看着倒飞出去的身影,了因并没有多少意外。
如来神掌不可谓不强,但……了松太弱了!
当然,这个“太弱”也只是相对而言。周身窍穴至少封闭三百处,莫说是年轻一辈,纵是老一辈也少有人及。
但面对窍穴至少封闭了三百四十处的玄炎圣子,他的底蕴还是太薄了。
其二,如来神掌这一无上绝学,在无漏境中,终究不能展露其真实的威力。
无漏境武者,真气虽能循环往复,生生不息,但终究未能彻底打通天地之桥,引动浩瀚天地之力加持己身。
这等无上绝学,需待武者踏破无漏,晋升更高境界,方能完全展现。
在无漏境施展,犹如孩童挥舞重锤,虽能伤敌,却也难以发挥其:一掌出,可纳须弥,可镇寰宇的恐怖威力。

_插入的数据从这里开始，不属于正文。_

(* For every $N>1$ there exist connected graphs $H\subsetneq G$ ($H$ a proper subgraph of $G$) with $\chi(H)=\chi(G)$ satisfying $N\,\mathrm{sn}(H)<\mathrm{sn}(G)$. The same holds with $\underline{\mathrm{lcs}}$ in place of $\mathrm{sn}$: for every $N>1$ there exist such $H\subsetneq G$ with $N\,\underline{\mathrm{lcs}}(H)<\underline{\mathrm{lcs}}(G)$.
   Context: All graphs are finite and simple. For a graph $G=(V,E)$ with $k=\chi(G)$, a proper $k$-colouring is a map $c:V\to[k]$ with $c(u)\neq c(v)$ for every edge $uv$. A set $S\subseteq V$ is a determining set for $(G,c)$ if there is no proper $k$-colouring $c'\neq c$ with $c'(s)=c(s)$ for all $s\in S$; a critical set is an inclusion-minimal determining set. $\mathrm{scs}(G,c)$ and $\mathrm{lcs}(G,c)$ are the sizes of a smallest resp. largest critical set for $(G,c)$. $\mathrm{sn}(G)=\min_c\mathrm{scs}(G,c)$ and $\underline{\mathrm{lcs}}(G)=\min_c\mathrm{lcs}(G,c)$, minima over all proper $\chi(G)$-colourings $c$. *)

theory Defs
  imports Complex_Main "HOL-Library.FuncSet"
begin

type_synonym graph = "nat set \<times> nat set set"

definition verts :: "graph \<Rightarrow> nat set" where "verts G = fst G"
definition edges :: "graph \<Rightarrow> nat set set" where "edges G = snd G"

definition is_graph :: "graph \<Rightarrow> bool" where
  "is_graph G \<longleftrightarrow> finite (verts G) \<and>
     (\<forall>e\<in>edges G. \<exists>u v. e = {u, v} \<and> u \<noteq> v \<and> u \<in> verts G \<and> v \<in> verts G)"

definition connected_graph :: "graph \<Rightarrow> bool" where
  "connected_graph G \<longleftrightarrow> verts G \<noteq> {} \<and>
     (\<forall>u\<in>verts G. \<forall>v\<in>verts G. (u, v) \<in> {(x, y). {x, y} \<in> edges G}\<^sup>*)"

definition subgraph :: "graph \<Rightarrow> graph \<Rightarrow> bool" where
  "subgraph H G \<longleftrightarrow> verts H \<subseteq> verts G \<and> edges H \<subseteq> edges G"

definition proper_subgraph :: "graph \<Rightarrow> graph \<Rightarrow> bool" where
  "proper_subgraph H G \<longleftrightarrow> subgraph H G \<and> H \<noteq> G"

text \<open>Proper k-colourings c : V \<rightarrow> [k], as extensional functions (undefined off V),
so that two colourings are equal iff they agree on V.\<close>
definition proper_colouring :: "graph \<Rightarrow> nat \<Rightarrow> (nat \<Rightarrow> nat) \<Rightarrow> bool" where
  "proper_colouring G k c \<longleftrightarrow> c \<in> verts G \<rightarrow>\<^sub>E {1..k} \<and>
     (\<forall>u v. {u, v} \<in> edges G \<longrightarrow> c u \<noteq> c v)"

definition chi :: "graph \<Rightarrow> nat" where
  "chi G = (LEAST k. \<exists>c. proper_colouring G k c)"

其三,也是最为关键的一点——了松用出第六式“天佛降世”时,真气已几近干涸,导致掌印力量虚浮。
若是一开始,了松直接动用这第六式,配合其巅峰真气,谁胜谁败,还真的难说!
只是,此时说这些,都已经晚了。
战斗没有如果。
纵然是惜败,可败了,就是败了。
了松的身影倒在数十丈外,僧袍破碎,胸前一道狰狞的焦黑刀痕从左肩斜划至右腹,深可见骨。
他面如金纸,气息微弱到了极点,只有胸膛极其微弱的起伏,证明他还活着。
大须弥寺的几位老僧早已飞身入场,迅速将他护住,喂下保命灵丹,并以精纯柔和的真气护住其心脉与丹田,脸上尽是凝重与痛惜之色。
这一战,了松虽展现了惊人的毅力与大须弥寺绝学的风采,但伤势之重,恐怕需要极长时间的调养,甚至可能影响到未来的武道进境。
反观玄炎圣子,就是残胜!
他依旧站立在原地,但身形摇摇欲坠,原本炽烈如火的护身罡气早已溃散,那柄威势惊人的赤红长刀也脱手落在不远处,光芒黯淡。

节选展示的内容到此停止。